I am still waiting to know what version of hs_restclient is being used.

Castronova commented 7 years ago

@ChristinaB @pkdash The JupyterHub implementation that's hosted at NCSA is using an out-of-date hs_restclient which is probably causing the issue above. We are in the process of deploying a fix, but are currently having trouble with the beta testing server. I will roll out the fix as soon as possible.

ChristinaB commented 7 years ago

@ddcamiu - do you mind updating the out-of-date hs_restclient ? This issue is six weeks old, and we have not been able to consistently use the Welcome page for two months. I would like to close this issue as soon as possible. It will be resolved when users can Open With/NCSA server/execute the Welcome Page, and download the resource files from HydroShare to the JuptyerHub server with no errors.

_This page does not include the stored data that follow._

(* Let $K\ge2$ and $d\ge1$ be integers with $d=2$ or $K\le d+1$. Then no Softmax Code $\mathbf W\in\mathrm{OB}(d,K)$ has a rattler; i.e., for every Softmax Code $\mathbf W$ and every $k\in[K]$, $\operatorname{dist}(\mathbf w_k,\{\mathbf w_j\}_{j\ne k})=\min_{k'}\operatorname{dist}(\mathbf w_{k'},\{\mathbf w_j\}_{j\ne k'})$.
   Context: $\mathrm{OB}(d,K)$ is the set of real $d\times K$ matrices with unit-norm columns $\mathbf w_1,\dots,\mathbf w_K$. $\operatorname{dist}(\mathbf v,\mathcal W)=\inf\{\|\mathbf v-\mathbf w\|_2:\mathbf w\in\operatorname{conv}(\mathcal W)\}$; $\rho_{\text{one-vs-rest}}(\mathbf W)=\min_k\operatorname{dist}(\mathbf w_k,\{\mathbf w_j\}_{j\ne k})$. A Softmax Code is a maximizer of $\rho_{\text{one-vs-rest}}$ over $\mathrm{OB}(d,K)$. A rattler of $\mathbf W$ is an index $k$ with $\operatorname{dist}(\mathbf w_k,\{\mathbf w_j\}_{j\ne k})\ne\rho_{\text{one-vs-rest}}(\mathbf W)$. *)

theory Defs
  imports "HOL-Analysis.Analysis"
begin

text \<open>A d x K matrix is represented by its K columns W 0, ..., W (K-1), each in real^'d
  (so d = CARD('d)). Columns indexed outside {..<K} are irrelevant.\<close>

definition OB :: "nat \<Rightarrow> (nat \<Rightarrow> real^'d) set" where
  "OB K = {W. \<forall>k<K. norm (W k) = 1}"

definition dist_hull :: "real^'d \<Rightarrow> (real^'d) set \<Rightarrow> real" where
  "dist_hull v S = Inf {norm (v - w) | w. w \<in> convex hull S}"

definition one_vs_rest_dist :: "nat \<Rightarrow> (nat \<Rightarrow> real^'d) \<Rightarrow> nat \<Rightarrow> real" where
  "one_vs_rest_dist K W k = dist_hull (W k) {W j | j. j < K \<and> j \<noteq> k}"

definition rho_one_vs_rest :: "nat \<Rightarrow> (nat \<Rightarrow> real^'d) \<Rightarrow> real" where
  "rho_one_vs_rest K W = Min {one_vs_rest_dist K W k | k. k < K}"

definition softmax_code :: "nat \<Rightarrow> (nat \<Rightarrow> real^'d) \<Rightarrow> bool" where
  "softmax_code K W \<longleftrightarrow> W \<in> OB K \<and> (\<forall>W' \<in> (OB K :: (nat \<Rightarrow> real^'d) set). rho_one_vs_rest K W' \<le> rho_one_vs_rest K W)"

definition is_rattler :: "nat \<Rightarrow> (nat \<Rightarrow> real^'d) \<Rightarrow> nat \<Rightarrow> bool" where
  "is_rattler K W k \<longleftrightarrow> k < K \<and> one_vs_rest_dist K W k \<noteq> rho_one_vs_rest K W"

end

theory Submission
  imports Defs
begin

If we CAN NOT resolve this in the next few days I need to cancel the use of HydroShare in CSDMS workshops in May. Please let me know if I should do this so that I can show professional courtesy to our new HydroShare users. I will check with users on how many days they have left to work with us/wait for this fix.

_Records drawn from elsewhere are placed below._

lemma growth_forces_bound:
  fixes S s cB C :: real and f :: "real \<Rightarrow> real"
  assumes S: "0 < S" and s: "S/2 < s" "s \<le> S"
    and growth: "2 powr (1/3) * (cB + 1) \<le> f s / s powr (4/3)" and cB: "0 \<le> cB"
    and upper: "f s / s \<le> cB * S powr (1/3) + C"
  shows "S \<le> (max C 1)^3"
proof -
  have s0: "0 < s" using S s by simp
  have split: "f s / s = (f s / s powr (4/3)) * s powr (1/3)"
    using powr_add[of s 1 "1/3"] s0 by simp
  have "(S/2) powr (1/3) \<le> s powr (1/3)" using s S by (intro powr_mono2) auto
  moreover have "0 \<le> 2 powr (1/3) * (cB + 1)" using cB by simp
  ultimately have "(2 powr (1/3) * (cB + 1)) * (S/2) powr (1/3) \<le> (f s / s powr (4/3)) * s powr (1/3)"
    using growth by (intro mult_mono) auto
  moreover have "2 powr (1/3) * (S/2) powr (1/3) = S powr (1/3)"
    using S by (simp flip: powr_mult)
  ultimately have "(cB + 1) * S powr (1/3) \<le> f s / s"
    unfolding split by (simp add: algebra_simps)
  with upper have "S powr (1/3) \<le> max C 1" by (simp add: algebra_simps)
  then have "(S powr (1/3))^3 \<le> (max C 1)^3" by (intro power_mono) auto
  moreover have "(S powr (1/3))^3 = S" using S by (simp add: powr_powr flip: powr_realpow)
  ultimately show ?thesis by simp
qed

(* The key estimate at a point of the support, for a density bounded by S: the Euler-Lagrange
   equation, A' >= f(s)/s, the sign of the centrifugal term and the potential bounds give
   f(rho)/rho <= B rho + Phi_K <= C M^(2/3) S^(1/3) + CK. *)
lemma support_point_estimate:
  fixes K :: "pt set" and \<rho> \<rho>K :: "pt \<Rightarrow> real"
  assumes FH: "F_hyps f" and notrap: "no_trapping K" and \<Omega>: "1 \<le> \<Omega>"
    and nn: "\<forall>y\<in>-K. 0 \<le> \<rho> y" and ub: "\<forall>y\<in>-K. \<rho> y \<le> S" and S: "0 < S"
    and cont: "continuous_on (-K) \<rho>"
    and int: "set_integrable lebesgue (-K) \<rho>" and mass: "(LINT y:(-K)|lebesgue. \<rho> y) = M"
    and M: "0 < M"
    and EL: "\<forall>y\<in>-K. 0 < \<rho> y \<longrightarrow> deriv (A_fun f) (\<rho> y) - newton_pot (-K) \<rho> y
              - (1/2) * \<Omega>^2 * (cyl_r y)^2 - newton_pot K \<rho>K y = lam"
    and \<rho>K: "\<forall>y\<in>K. 0 \<le> \<rho>K y" and CK: "\<forall>y. newton_pot K \<rho>K y \<le> CK"
    and y: "y \<in> -K" "0 < \<rho> y"
  shows "f (\<rho> y) / \<rho> y \<le> (kernel_const 3 1 + 1) * M powr (2/3) * S powr (1/3) + CK"
proof -
  define P where "P y = newton_pot (-K) \<rho> y + newton_pot K \<rho>K y" for y
  have EL': "\<forall>y\<in>-K. 0 < \<rho> y \<longrightarrow> deriv (A_fun f) (\<rho> y) = lam + (1/2) * \<Omega>^2 * (cyl_r y)^2 + P y"
    using EL by (auto simp: P_def algebra_simps)
  have P: "\<forall>y. 0 \<le> P y" using newton_pot_nonneg[OF nn] newton_pot_nonneg[OF \<rho>K] by (simp add: P_def)
  have "f (\<rho> y) / \<rho> y \<le> deriv (A_fun f) (\<rho> y)" by (rule deriv_A_lower[OF FH y(2)])
  also have "\<dots> = lam + (1/2) * \<Omega>^2 * (cyl_r y)^2 + P y" using EL' y by blast
  also have "\<dots> \<le> P y"
    using centrifugal_nonpos[OF FH notrap nn ub S cont mass M EL' P \<Omega> y] by simp
  also have "\<dots> \<le> (kernel_const 3 1 + 1) * M powr (2/3) * S powr (1/3) + CK"
    unfolding P_def using newton_pot_sup_mass_bound[OF nn ub S int mass M, of y] CK
    by (intro add_mono) (simp_all add: mult_ac)
  finally show ?thesis .
qed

ChristinaB commented 7 years ago

@ddcamiu The latest REST client on Pypy is form January. @aphelionz has updated the REST API services, but is working on the REST client and promised it by the end of this week. If the three of us could coordinate on the updating next week, we may be able to close this issue? Thanks!

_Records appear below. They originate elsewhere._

(* Let $n\ge 6$ be even. Then the largest $3\cdot|E_{n-2}|$ elements of $E_n$ are exactly the elements of $$\{x+2^{n-1}: x\in E_{n-2}\}\cup\{x+5\cdot 2^{n-3}: x\in E_{n-2}\}\cup\{x+3\cdot 2^{n-2}: x\in E_{n-2}\},$$ and in increasing order they consist of the elements of $E_{n-2}$ shifted by $2^{n-1}$, followed by those shifted by $5\cdot2^{n-3}$, followed by those shifted by $3\cdot 2^{n-2}$ (the last block ending at $M_n=2^n-1$).
   Context: Let $D$ (OEIS A036991) be the set of nonnegative integers $m$ such that, reading the binary expansion of $m$ from the least significant bit to the most significant bit, at every point the number of 1's read so far is at least the number of 0's read so far. For $n\ge1$ let $M_n=2^n-1$ and let the $n$-level be $E_n=D\cap(M_{n-1},M_n]$, i.e. the elements of $D$ whose binary expansion has exactly $n$ digits. *)

theory Defs
  imports Main
begin

fun bin_digits :: "nat \<Rightarrow> nat list" where
  "bin_digits m = (if m = 0 then [] else m mod 2 # bin_digits (m div 2))"

text \<open>The set D (OEIS A036991): reading from the least significant bit, every prefix
has at least as many 1s as 0s.\<close>
definition inD :: "nat \<Rightarrow> bool" where
  "inD m \<longleftrightarrow> (\<forall>k \<le> length (bin_digits m).
      length (filter (\<lambda>d. d = 0) (take k (bin_digits m)))
        \<le> length (filter (\<lambda>d. d = 1) (take k (bin_digits m))))"

definition Mn :: "nat \<Rightarrow> nat" where
  "Mn n = 2 ^ n - 1"

definition E :: "nat \<Rightarrow> nat set" where
  "E n = {m. inD m \<and> Mn (n - 1) < m \<and> m \<le> Mn n}"

end

theory Submission
  imports Defs
begin

text \<open>Let \<open>j = n - 3\<close>, which is odd. A number \<open>a + 2^j * t\<close> with \<open>a < 2^j\<close> and
\<open>t \<in> {1, 5, 6, 7}\<close> lies in \<open>D\<close> exactly when the \<open>j\<close> trailing digits \<open>a\<close> (with leading
zeros) satisfy the prefix condition: being of odd length, they then end with strictly more 1s
than 0s, and the digits of \<open>t\<close> contain at most one 0, which cannot break the condition.
Hence \<open>t = 1\<close> describes \<open>E (n - 2)\<close>, and \<open>t = 5, 6, 7\<close> describe the parts of \<open>E n\<close> in
\<open>[5 * 2^j, 6 * 2^j)\<close>, \<open>[6 * 2^j, 7 * 2^j)\<close>, \<open>[7 * 2^j, 8 * 2^j)\<close>, which are the three shifts
of \<open>E (n - 2)\<close>.\<close>

text \<open>Unconditional unfolding of \<open>bin_digits\<close> does not terminate on non-numeral arguments.\<close>
declare bin_digits.simps [simp del]

definition count_zeros :: "nat list \<Rightarrow> nat" where
  "count_zeros xs = length (filter (\<lambda>d. d = 0) xs)"

definition count_ones :: "nat list \<Rightarrow> nat" where
  "count_ones xs = length (filter (\<lambda>d. d = 1) xs)"

definition ballot :: "nat list \<Rightarrow> bool" where
  "ballot xs \<longleftrightarrow> (\<forall>k \<le> length xs. count_zeros (take k xs) \<le> count_ones (take k xs))"

lemma inD_iff_ballot: "inD m \<longleftrightarrow> ballot (bin_digits m)"
  unfolding inD_def ballot_def count_zeros_def count_ones_def ..

lemma count_zeros_append [simp]: "count_zeros (xs @ ys) = count_zeros xs + count_zeros ys"
  by (simp add: count_zeros_def)

lemma count_ones_append [simp]: "count_ones (xs @ ys) = count_ones xs + count_ones ys"
  by (simp add: count_ones_def)

lemma count_zeros_take_le: "count_zeros (take k xs) \<le> count_zeros xs"
  by (metis append_take_drop_id count_zeros_append le_add1)

lemma count_zeros_add_count_ones:
  "set xs \<subseteq> {0, 1} \<Longrightarrow> count_zeros xs + count_ones xs = length xs"
  by (induction xs) (auto simp: count_zeros_def count_ones_def)

lemma ballot_replicate_one: "ballot (replicate k 1)"
  by (simp add: ballot_def count_zeros_def count_ones_def)

text \<open>The parity hypothesis is what makes the inequality strict at the end of \<open>xs\<close>.\<close>
lemma ballot_append_iff:
  assumes "set xs \<subseteq> {0, 1}" and "odd (length xs)" and "count_zeros ys \<le> 1"
  shows "ballot (xs @ ys) \<longleftrightarrow> ballot xs"
proof
  assume app: "ballot (xs @ ys)"
  show "ballot xs"
    unfolding ballot_def
  proof (intro allI impI)
    fix k assume "k \<le> length xs"
    then show "count_zeros (take k xs) \<le> count_ones (take k xs)"
      using app[unfolded ballot_def, rule_format, of k] by simp
  qed
next
  assume xs: "ballot xs"
  have "count_zeros xs \<le> count_ones xs"
    using xs unfolding ballot_def by (metis order_refl take_all)
  moreover have "count_zeros xs \<noteq> count_ones xs"
  proof
    assume "count_zeros xs = count_ones xs"
    then have "length xs = 2 * count_ones xs"
      using count_zeros_add_count_ones[OF assms(1)] by simp
    then show False using assms(2) by simp
  qed
  ultimately have strict: "count_zeros xs < count_ones xs" by simp
  show "ballot (xs @ ys)"
    unfolding ballot_def
  proof (intro allI impI)
    fix k assume "k \<le> length (xs @ ys)"
    show "count_zeros (take k (xs @ ys)) \<le> count_ones (take k (xs @ ys))"
    proof (cases "k \<le> length xs")
      case True
      then show ?thesis using xs by (simp add: ballot_def)
    next
      case False
      have "count_zeros (take (k - length xs) ys) \<le> 1"
        using count_zeros_take_le assms(3) le_trans by blast
      then show ?thesis using False strict by simp
    qed
  qed
qed

fun low_bits :: "nat \<Rightarrow> nat \<Rightarrow> nat list" where
  "low_bits 0 m = []"
| "low_bits (Suc j) m = m mod 2 # low_bits j (m div 2)"

lemma length_low_bits [simp]: "length (low_bits j m) = j"
  by (induction j arbitrary: m) auto

lemma set_low_bits_subset: "set (low_bits j m) \<subseteq> {0, 1}"
  by (induction j arbitrary: m) auto

lemma low_bits_mask: "low_bits j (2 ^ j - 1) = replicate j 1"
proof (induction j)
  case (Suc j)
  have "(1::nat) \<le> 2 ^ j" by simp
  then have "(2::nat) ^ Suc j - 1 = 2 * (2 ^ j - 1) + 1" by (simp only: power_Suc)
  then show ?case using Suc.IH by simp
qed simp

lemma bin_digits_add_mult_pow2:
  assumes "a < 2 ^ j" and "0 < t"
  shows "bin_digits (a + 2 ^ j * t) = low_bits j a @ bin_digits t"
  using assms(1)
proof (induction j arbitrary: a)
  case (Suc j)
  have "a div 2 < 2 ^ j" using Suc.prems by simp
  moreover have "(a + 2 ^ Suc j * t) div 2 = a div 2 + 2 ^ j * t" by simp
  moreover have "(a + 2 ^ Suc j * t) mod 2 = a mod 2" by (simp add: mult.assoc)
  ultimately show ?case
    using Suc.IH assms(2) by (subst bin_digits.simps) simp
qed simp

lemma inD_add_mult_pow2_iff:
  assumes "odd j" and "a < 2 ^ j" and "0 < t" and "count_zeros (bin_digits t) \<le> 1"
  shows "inD (a + 2 ^ j * t) \<longleftrightarrow> ballot (low_bits j a)"
  using ballot_append_iff[OF set_low_bits_subset, of j a] assms
  by (simp add: inD_iff_ballot bin_digits_add_mult_pow2)

lemma mem_E_Suc_iff: "m \<in> E (Suc k) \<longleftrightarrow> inD m \<and> 2 ^ k \<le> m \<and> m < 2 ^ Suc k"
proof -
  have "(0::nat) < 2 ^ k" by simp
  then show ?thesis unfolding E_def Mn_def by auto
qed

definition ballot_residues :: "nat \<Rightarrow> nat set" where
  "ballot_residues j = {a. a < 2 ^ j \<and> ballot (low_bits j a)}"

lemma E_inter_block:
  assumes "odd j" and "2 ^ l \<le> t" and "t < 2 ^ Suc l" and "count_zeros (bin_digits t) \<le> 1"
  shows "E (Suc (j + l)) \<inter> {2 ^ j * t..<2 ^ j * Suc t} = (\<lambda>a. a + 2 ^ j * t) ` ballot_residues j"
    (is "?lhs = ?rhs")
proof -
  have "0 < t" using assms(2) by (metis le_zero_eq not_gr0 power_not_zero zero_neq_numeral)
  have lower: "2 ^ (j + l) \<le> 2 ^ j * t" using assms(2) by (simp add: power_add)
  have upper: "2 ^ j * Suc t \<le> 2 ^ Suc (j + l)"
    using mult_le_mono2[of "Suc t" "2 ^ Suc l" "2 ^ j"] assms(3) by (simp add: power_add)
  have inD_iff: "inD (a + 2 ^ j * t) \<longleftrightarrow> a \<in> ballot_residues j" if "a < 2 ^ j" for a
    using inD_add_mult_pow2_iff[OF assms(1) that \<open>0 < t\<close> assms(4)] that
    by (simp add: ballot_residues_def)
  show ?thesis
  proof (intro set_eqI iffI)
    fix m assume m: "m \<in> ?lhs"
    then have "m - 2 ^ j * t < 2 ^ j" and "m = (m - 2 ^ j * t) + 2 ^ j * t" by auto
    moreover have "inD m" using m by (simp add: mem_E_Suc_iff)
    ultimately show "m \<in> ?rhs" using inD_iff by (metis image_eqI)
  next
    fix m assume "m \<in> ?rhs"
    then obtain a where a: "a \<in> ballot_residues j" and m: "m = a + 2 ^ j * t" by blast
    have "a < 2 ^ j" using a by (simp add: ballot_residues_def)
    then show "m \<in> ?lhs"
      using a m inD_iff lower upper by (auto simp: mem_E_Suc_iff)
  qed
qed

lemma bin_digits_small: "bin_digits 1 = [1]" "bin_digits 5 = [1, 0, 1]"
  "bin_digits 6 = [0, 1, 1]" "bin_digits 7 = [1, 1, 1]"
  by (simp_all add: bin_digits.simps)

lemma E_Suc_eq_image:
  assumes "odd j"
  shows "E (Suc j) = (\<lambda>a. a + 2 ^ j) ` ballot_residues j"
proof -
  have "count_zeros (bin_digits 1) \<le> 1" unfolding bin_digits_small count_zeros_def by simp
  then have "E (Suc j) \<inter> {2 ^ j * 1..<2 ^ j * Suc 1} = (\<lambda>a. a + 2 ^ j * 1) ` ballot_residues j"
    using E_inter_block[OF assms, of 0 1] by simp
  moreover have "E (Suc j) \<subseteq> {2 ^ j * 1..<2 ^ j * Suc 1}" by (auto simp: mem_E_Suc_iff)
  ultimately show ?thesis by (simp add: Int_absorb2)
qed

lemma E_block_eq_shift:
  assumes "odd j" and "t \<in> {5, 6, 7}"
  shows "E (j + 3) \<inter> {2 ^ j * t..<2 ^ j * Suc t} = (\<lambda>x. x + 2 ^ j * (t - 1)) ` E (Suc j)"
proof -
  have "2 ^ 2 \<le> t" "t < 2 ^ Suc 2" "count_zeros (bin_digits t) \<le> 1"
    using assms(2) by (auto simp: bin_digits_small count_zeros_def)
  from E_inter_block[OF assms(1) this]
  have "E (j + 3) \<inter> {2 ^ j * t..<2 ^ j * Suc t} = (\<lambda>a. a + 2 ^ j * t) ` ballot_residues j"
    by (simp add: numeral_3_eq_3)
  also have "\<dots> = (\<lambda>x. x + 2 ^ j * (t - 1)) ` E (Suc j)"
    unfolding E_Suc_eq_image[OF assms(1)] image_image
    using assms(2) by (intro image_cong) auto
  finally show ?thesis .
qed

lemma finite_E: "finite (E n)"
  unfolding E_def by (rule finite_subset[of _ "{..Mn n}"]) auto

lemma Mn_mem_E:
  assumes "0 < n"
  shows "Mn n \<in> E n"
proof -
  obtain k where n: "n = Suc k" using assms gr0_conv_Suc by blast
  have "bin_digits (Mn n) = bin_digits ((2 ^ k - 1) + 2 ^ k * 1)" by (simp add: n Mn_def mult_2)
  also have "\<dots> = replicate k 1 @ [1]"
    by (subst bin_digits_add_mult_pow2) (simp_all only: low_bits_mask bin_digits_small, simp_all)
  finally have "inD (Mn n)"
    by (metis inD_iff_ballot ballot_replicate_one replicate_Suc replicate_append_same)
  then show ?thesis by (simp add: n mem_E_Suc_iff Mn_def)
qed

theorem proposition8:
  fixes n :: nat
  assumes "even n" and "n \<ge> 6"
  defines "A \<equiv> (\<lambda>x. x + 2 ^ (n - 1)) ` E (n - 2)"
      and "B \<equiv> (\<lambda>x. x + 5 * 2 ^ (n - 3)) ` E (n - 2)"
      and "C \<equiv> (\<lambda>x. x + 3 * 2 ^ (n - 2)) ` E (n - 2)"
  shows "A \<union> B \<union> C \<subseteq> E n
    \<and> card (A \<union> B \<union> C) = 3 * card (E (n - 2))
    \<and> (\<forall>x \<in> E n - (A \<union> B \<union> C). \<forall>y \<in> A \<union> B \<union> C. x < y)
    \<and> (\<forall>a \<in> A. \<forall>b \<in> B. a < b) \<and> (\<forall>b \<in> B. \<forall>c \<in> C. b < c)
    \<and> Mn n \<in> C \<and> (\<forall>c \<in> C. c \<le> Mn n)"
proof -
  define j where "j = n - 3"
  have "odd j" and n: "n = j + 3" using assms(1,2) by (auto simp: j_def)
  let ?block = "\<lambda>t. E n \<inter> {2 ^ j * t..<2 ^ j * Suc t}"
  have A: "A = ?block 5"
    using E_block_eq_shift[OF \<open>odd j\<close>, of 5] by (simp add: A_def n power_add mult.commute)
  have B: "B = ?block 6"
    using E_block_eq_shift[OF \<open>odd j\<close>, of 6] by (simp add: B_def n mult.commute)
  have C: "C = ?block 7"
    using E_block_eq_shift[OF \<open>odd j\<close>, of 7] by (simp add: C_def n power_add mult.commute)
  have "card A = card (E (n - 2))" "card B = card (E (n - 2))" "card C = card (E (n - 2))"
    by (simp_all add: A_def B_def C_def card_image)
  moreover have "A \<inter> B = {}" "(A \<union> B) \<inter> C = {}" "finite A" "finite B" "finite C"
    by (auto simp: A B C finite_E)
  ultimately have "card (A \<union> B \<union> C) = 3 * card (E (n - 2))"
    by (simp add: card_Un_disjoint)
  moreover have "E n \<subseteq> {..Mn n}" by (auto simp: E_def)
  moreover have "Mn n \<in> E n" by (simp add: n Mn_mem_E)
  moreover have "2 ^ j * 7 \<le> Mn n" "Mn n < 2 ^ j * 8"
    using zero_less_power[of "2::nat" j] by (simp_all add: n Mn_def power_add)
  ultimately show ?thesis
    unfolding A B C by (fastforce simp: subset_eq)
qed

end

Castronova commented 7 years ago

@ChristinaB I have the hs_restclient updated in the development version of the code, but our testing server is currently being rebuilt. We will need to first deploy the fix to the development server before we can roll it out to NCSA. Unfortunately this will not include @aphelionz changes yet since this would require further updates to the jupyterhub notebooks and would delay release.

I understand your frustration, but this has not been an easy bug to fix. I am working to resolve this in the next few days.

Castronova commented 7 years ago

In the meantime, it would be nice if someone could test that the master branch of the hs_restclient fixes this issue since that is what will be installed on the jupyterhub server.

ChristinaB commented 7 years ago

Who is the best someone to test hs_restclient?

I sounds like this is a high risk fix - meaning that we really don't know how many days it will take. That's fine, I understand.

Is it possible to set up the server to launch a Welcome_Public page that works for any public resource using the URL instead of the hs_restclient? Until this is stable? @jphuong and I developed it for the workshop two weeks ago.

ChristinaB commented 7 years ago

Here is a link to my proposed temporary work around Welcome Public

Castronova commented 7 years ago

@ChristinaB unless you are installing a newer version of hs_restclient somewhere, this notebook will still use the older version of hs_restclient that was installed on the server.

Does this resolve your error?

Castronova commented 7 years ago

Never mind...it looks like your using wget instead of hs_restclient

ChristinaB commented 7 years ago

Yes - using wget avoids the hs_restclient issues related to downloading. Can some version of this approach be the backup Welcome.ipynb when hs_restclient throws errors?

Castronova commented 7 years ago

I will try to implement this method as a backup so that if hs_restclient fails we can use wget

ChristinaB commented 7 years ago

Thank you!! I'll prioritize testing it whenever you are ready.